⟨
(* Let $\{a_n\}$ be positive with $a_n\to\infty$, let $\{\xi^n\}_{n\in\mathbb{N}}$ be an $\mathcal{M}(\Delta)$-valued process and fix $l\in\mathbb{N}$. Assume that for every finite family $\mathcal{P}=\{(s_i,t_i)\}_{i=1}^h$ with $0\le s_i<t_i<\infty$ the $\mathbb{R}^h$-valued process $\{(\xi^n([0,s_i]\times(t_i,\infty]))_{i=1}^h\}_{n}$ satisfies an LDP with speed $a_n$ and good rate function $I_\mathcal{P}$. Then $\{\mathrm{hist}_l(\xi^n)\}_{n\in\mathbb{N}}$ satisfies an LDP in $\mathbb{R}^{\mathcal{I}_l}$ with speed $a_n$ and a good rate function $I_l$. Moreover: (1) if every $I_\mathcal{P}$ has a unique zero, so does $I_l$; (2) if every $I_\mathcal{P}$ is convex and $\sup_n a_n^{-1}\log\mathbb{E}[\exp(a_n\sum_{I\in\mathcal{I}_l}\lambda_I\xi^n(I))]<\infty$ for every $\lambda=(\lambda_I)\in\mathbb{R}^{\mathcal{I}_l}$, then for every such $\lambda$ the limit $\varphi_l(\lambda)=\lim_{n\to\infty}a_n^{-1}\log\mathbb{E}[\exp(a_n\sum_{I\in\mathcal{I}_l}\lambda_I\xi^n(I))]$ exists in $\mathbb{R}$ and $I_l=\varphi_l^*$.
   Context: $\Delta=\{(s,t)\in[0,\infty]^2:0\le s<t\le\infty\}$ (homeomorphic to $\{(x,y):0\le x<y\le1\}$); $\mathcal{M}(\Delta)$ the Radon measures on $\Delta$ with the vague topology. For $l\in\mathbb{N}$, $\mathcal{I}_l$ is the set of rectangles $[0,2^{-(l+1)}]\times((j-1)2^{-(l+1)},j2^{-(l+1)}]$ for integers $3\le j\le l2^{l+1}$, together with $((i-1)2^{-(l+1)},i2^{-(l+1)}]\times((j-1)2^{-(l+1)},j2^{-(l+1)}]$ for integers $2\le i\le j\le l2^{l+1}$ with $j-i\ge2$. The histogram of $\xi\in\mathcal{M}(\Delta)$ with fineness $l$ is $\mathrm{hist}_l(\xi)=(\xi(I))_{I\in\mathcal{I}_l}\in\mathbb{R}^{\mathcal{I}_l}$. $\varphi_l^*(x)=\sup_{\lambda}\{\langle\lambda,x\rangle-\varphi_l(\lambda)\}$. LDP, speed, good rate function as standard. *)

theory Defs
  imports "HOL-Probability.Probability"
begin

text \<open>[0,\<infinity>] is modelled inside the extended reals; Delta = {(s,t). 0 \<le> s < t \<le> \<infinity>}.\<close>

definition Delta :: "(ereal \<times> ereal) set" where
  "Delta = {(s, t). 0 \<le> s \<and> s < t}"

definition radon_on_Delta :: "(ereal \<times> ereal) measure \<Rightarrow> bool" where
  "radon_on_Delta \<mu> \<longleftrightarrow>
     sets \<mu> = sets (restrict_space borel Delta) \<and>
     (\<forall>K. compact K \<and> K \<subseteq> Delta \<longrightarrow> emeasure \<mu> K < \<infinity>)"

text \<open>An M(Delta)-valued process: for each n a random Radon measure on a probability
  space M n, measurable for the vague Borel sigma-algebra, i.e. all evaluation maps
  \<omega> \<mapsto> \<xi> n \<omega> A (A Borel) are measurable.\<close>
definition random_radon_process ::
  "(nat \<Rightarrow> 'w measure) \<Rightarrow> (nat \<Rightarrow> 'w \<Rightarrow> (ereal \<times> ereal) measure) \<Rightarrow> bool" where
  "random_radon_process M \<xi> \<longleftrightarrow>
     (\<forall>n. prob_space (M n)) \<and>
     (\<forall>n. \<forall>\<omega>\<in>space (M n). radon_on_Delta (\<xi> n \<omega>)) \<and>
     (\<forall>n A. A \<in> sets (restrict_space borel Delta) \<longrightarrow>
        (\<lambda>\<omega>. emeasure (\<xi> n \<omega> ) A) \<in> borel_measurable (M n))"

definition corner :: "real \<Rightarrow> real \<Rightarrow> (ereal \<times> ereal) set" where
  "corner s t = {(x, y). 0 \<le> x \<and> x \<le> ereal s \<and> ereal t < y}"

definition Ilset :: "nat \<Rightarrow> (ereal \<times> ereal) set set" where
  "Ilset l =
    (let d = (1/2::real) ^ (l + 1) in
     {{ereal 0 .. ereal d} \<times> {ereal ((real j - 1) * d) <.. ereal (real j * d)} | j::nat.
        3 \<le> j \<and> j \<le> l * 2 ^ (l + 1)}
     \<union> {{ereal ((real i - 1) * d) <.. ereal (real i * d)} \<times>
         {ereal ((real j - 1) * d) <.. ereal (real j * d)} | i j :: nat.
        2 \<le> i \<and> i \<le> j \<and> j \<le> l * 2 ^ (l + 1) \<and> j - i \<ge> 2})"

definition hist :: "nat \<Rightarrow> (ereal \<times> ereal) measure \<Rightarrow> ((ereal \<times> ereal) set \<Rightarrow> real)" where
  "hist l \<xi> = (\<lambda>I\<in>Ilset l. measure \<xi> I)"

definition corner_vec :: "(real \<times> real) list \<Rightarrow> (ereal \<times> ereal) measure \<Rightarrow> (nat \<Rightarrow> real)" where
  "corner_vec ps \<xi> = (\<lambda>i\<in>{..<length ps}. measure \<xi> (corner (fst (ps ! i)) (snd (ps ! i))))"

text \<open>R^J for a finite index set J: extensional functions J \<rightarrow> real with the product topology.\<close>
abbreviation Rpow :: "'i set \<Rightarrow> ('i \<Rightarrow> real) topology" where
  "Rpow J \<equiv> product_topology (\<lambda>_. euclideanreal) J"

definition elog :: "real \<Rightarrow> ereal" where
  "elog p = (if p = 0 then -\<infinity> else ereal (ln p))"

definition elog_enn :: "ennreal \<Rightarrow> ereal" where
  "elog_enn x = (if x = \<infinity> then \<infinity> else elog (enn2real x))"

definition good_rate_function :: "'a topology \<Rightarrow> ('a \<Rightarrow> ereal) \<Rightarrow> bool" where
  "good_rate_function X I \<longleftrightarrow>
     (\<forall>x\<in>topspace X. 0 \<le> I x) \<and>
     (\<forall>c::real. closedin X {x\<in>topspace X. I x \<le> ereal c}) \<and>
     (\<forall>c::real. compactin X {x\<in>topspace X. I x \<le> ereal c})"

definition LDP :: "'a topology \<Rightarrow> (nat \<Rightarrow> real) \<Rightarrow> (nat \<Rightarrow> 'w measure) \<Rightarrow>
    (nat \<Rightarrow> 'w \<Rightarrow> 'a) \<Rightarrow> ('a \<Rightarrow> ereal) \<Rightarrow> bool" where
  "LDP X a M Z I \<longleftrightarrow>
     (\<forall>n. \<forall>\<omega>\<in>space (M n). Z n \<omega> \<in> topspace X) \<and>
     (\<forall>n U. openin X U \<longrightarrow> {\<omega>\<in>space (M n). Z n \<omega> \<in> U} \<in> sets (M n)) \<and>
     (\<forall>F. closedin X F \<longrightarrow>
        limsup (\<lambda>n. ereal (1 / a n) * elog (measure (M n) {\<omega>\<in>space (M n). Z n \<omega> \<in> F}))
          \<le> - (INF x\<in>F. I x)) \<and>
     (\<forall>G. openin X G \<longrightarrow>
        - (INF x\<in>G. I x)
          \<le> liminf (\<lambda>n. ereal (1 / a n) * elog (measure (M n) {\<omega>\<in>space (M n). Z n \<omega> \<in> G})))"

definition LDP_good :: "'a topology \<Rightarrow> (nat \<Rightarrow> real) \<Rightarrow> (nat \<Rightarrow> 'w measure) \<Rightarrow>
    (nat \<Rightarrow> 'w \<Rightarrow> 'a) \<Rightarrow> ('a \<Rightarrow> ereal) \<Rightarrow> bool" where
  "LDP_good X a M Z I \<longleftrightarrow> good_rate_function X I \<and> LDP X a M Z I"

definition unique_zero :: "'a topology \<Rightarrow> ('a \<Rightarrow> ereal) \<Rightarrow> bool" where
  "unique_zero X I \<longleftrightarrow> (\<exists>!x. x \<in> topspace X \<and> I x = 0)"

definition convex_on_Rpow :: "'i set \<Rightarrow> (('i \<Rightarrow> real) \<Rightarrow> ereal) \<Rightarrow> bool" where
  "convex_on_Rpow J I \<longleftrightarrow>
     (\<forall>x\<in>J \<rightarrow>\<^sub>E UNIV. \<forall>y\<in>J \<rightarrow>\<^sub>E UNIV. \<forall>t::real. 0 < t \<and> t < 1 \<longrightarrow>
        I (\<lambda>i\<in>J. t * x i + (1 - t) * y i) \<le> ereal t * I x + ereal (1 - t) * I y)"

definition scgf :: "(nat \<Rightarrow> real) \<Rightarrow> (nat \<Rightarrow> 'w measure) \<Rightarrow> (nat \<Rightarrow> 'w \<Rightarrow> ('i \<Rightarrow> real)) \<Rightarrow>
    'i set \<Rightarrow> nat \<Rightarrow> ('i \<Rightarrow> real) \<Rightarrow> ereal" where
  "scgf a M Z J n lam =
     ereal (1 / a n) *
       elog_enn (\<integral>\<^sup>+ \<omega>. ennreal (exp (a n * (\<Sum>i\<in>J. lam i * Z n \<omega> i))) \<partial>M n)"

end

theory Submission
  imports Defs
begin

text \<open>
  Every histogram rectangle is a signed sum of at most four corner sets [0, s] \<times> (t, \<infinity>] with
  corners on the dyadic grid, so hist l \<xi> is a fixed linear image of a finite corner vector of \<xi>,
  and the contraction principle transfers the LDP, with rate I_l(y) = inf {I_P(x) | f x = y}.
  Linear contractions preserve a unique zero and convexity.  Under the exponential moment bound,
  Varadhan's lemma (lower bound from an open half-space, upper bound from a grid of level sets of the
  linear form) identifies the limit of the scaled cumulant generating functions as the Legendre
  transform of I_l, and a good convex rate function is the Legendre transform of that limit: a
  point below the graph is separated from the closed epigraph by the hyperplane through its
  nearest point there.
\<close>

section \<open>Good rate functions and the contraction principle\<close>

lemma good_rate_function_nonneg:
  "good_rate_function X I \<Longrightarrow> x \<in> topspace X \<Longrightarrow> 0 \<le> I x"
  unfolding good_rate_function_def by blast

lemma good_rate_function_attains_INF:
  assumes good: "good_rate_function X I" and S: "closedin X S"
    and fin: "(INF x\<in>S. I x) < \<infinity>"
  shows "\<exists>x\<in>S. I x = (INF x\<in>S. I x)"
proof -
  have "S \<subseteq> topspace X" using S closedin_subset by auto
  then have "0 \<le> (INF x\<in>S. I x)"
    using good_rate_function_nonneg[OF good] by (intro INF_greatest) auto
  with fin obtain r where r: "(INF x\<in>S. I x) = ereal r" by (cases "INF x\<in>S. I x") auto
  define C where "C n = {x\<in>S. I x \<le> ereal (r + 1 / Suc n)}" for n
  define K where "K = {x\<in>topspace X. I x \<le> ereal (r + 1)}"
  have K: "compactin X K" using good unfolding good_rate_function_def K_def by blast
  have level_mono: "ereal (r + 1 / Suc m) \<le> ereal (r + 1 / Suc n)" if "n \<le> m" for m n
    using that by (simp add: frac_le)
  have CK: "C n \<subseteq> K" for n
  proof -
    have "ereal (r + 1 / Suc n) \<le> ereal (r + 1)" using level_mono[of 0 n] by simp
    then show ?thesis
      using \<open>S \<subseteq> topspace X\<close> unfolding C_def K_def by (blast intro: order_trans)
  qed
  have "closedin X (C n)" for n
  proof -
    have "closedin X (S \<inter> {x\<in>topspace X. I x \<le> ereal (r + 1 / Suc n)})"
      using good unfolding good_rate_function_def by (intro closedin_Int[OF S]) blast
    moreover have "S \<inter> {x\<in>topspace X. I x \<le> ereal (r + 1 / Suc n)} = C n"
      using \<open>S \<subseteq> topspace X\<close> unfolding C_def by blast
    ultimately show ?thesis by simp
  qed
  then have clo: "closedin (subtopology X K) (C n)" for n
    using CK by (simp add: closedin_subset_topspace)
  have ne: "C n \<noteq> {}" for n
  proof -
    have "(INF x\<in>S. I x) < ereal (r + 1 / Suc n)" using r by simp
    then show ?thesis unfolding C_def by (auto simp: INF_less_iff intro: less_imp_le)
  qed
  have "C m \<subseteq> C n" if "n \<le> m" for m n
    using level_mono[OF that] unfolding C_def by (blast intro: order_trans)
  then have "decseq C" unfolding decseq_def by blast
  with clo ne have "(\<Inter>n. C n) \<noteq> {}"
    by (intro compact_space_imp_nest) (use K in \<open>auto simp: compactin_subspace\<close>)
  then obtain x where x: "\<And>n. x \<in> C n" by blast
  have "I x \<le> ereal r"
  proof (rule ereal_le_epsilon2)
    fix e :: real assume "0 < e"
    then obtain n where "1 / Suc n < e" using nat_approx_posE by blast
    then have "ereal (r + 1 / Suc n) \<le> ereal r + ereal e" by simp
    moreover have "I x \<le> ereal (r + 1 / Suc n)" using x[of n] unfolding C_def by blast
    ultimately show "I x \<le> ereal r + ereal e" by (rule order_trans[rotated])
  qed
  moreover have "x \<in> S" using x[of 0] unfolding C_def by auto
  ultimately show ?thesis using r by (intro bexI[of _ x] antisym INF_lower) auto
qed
⟩
Activity – Looking at the data above, write out exactly the lines that start at the one containing "0 n] by simp" and end at the one containing "using level_mono[OF that]"; include both and nothing beyond.

Answer to this exercise –
    have "ereal (r + 1 / Suc n) \<le> ereal (r + 1)" using level_mono[of 0 n] by simp
    then show ?thesis
      using \<open>S \<subseteq> topspace X\<close> unfolding C_def K_def by (blast intro: order_trans)
  qed
  have "closedin X (C n)" for n
  proof -
    have "closedin X (S \<inter> {x\<in>topspace X. I x \<le> ereal (r + 1 / Suc n)})"
      using good unfolding good_rate_function_def by (intro closedin_Int[OF S]) blast
    moreover have "S \<inter> {x\<in>topspace X. I x \<le> ereal (r + 1 / Suc n)} = C n"
      using \<open>S \<subseteq> topspace X\<close> unfolding C_def by blast
    ultimately show ?thesis by simp
  qed
  then have clo: "closedin (subtopology X K) (C n)" for n
    using CK by (simp add: closedin_subset_topspace)
  have ne: "C n \<noteq> {}" for n
  proof -
    have "(INF x\<in>S. I x) < ereal (r + 1 / Suc n)" using r by simp
    then show ?thesis unfolding C_def by (auto simp: INF_less_iff intro: less_imp_le)
  qed
  have "C m \<subseteq> C n" if "n \<le> m" for m n
    using level_mono[OF that] unfolding C_def by (blast intro: order_trans)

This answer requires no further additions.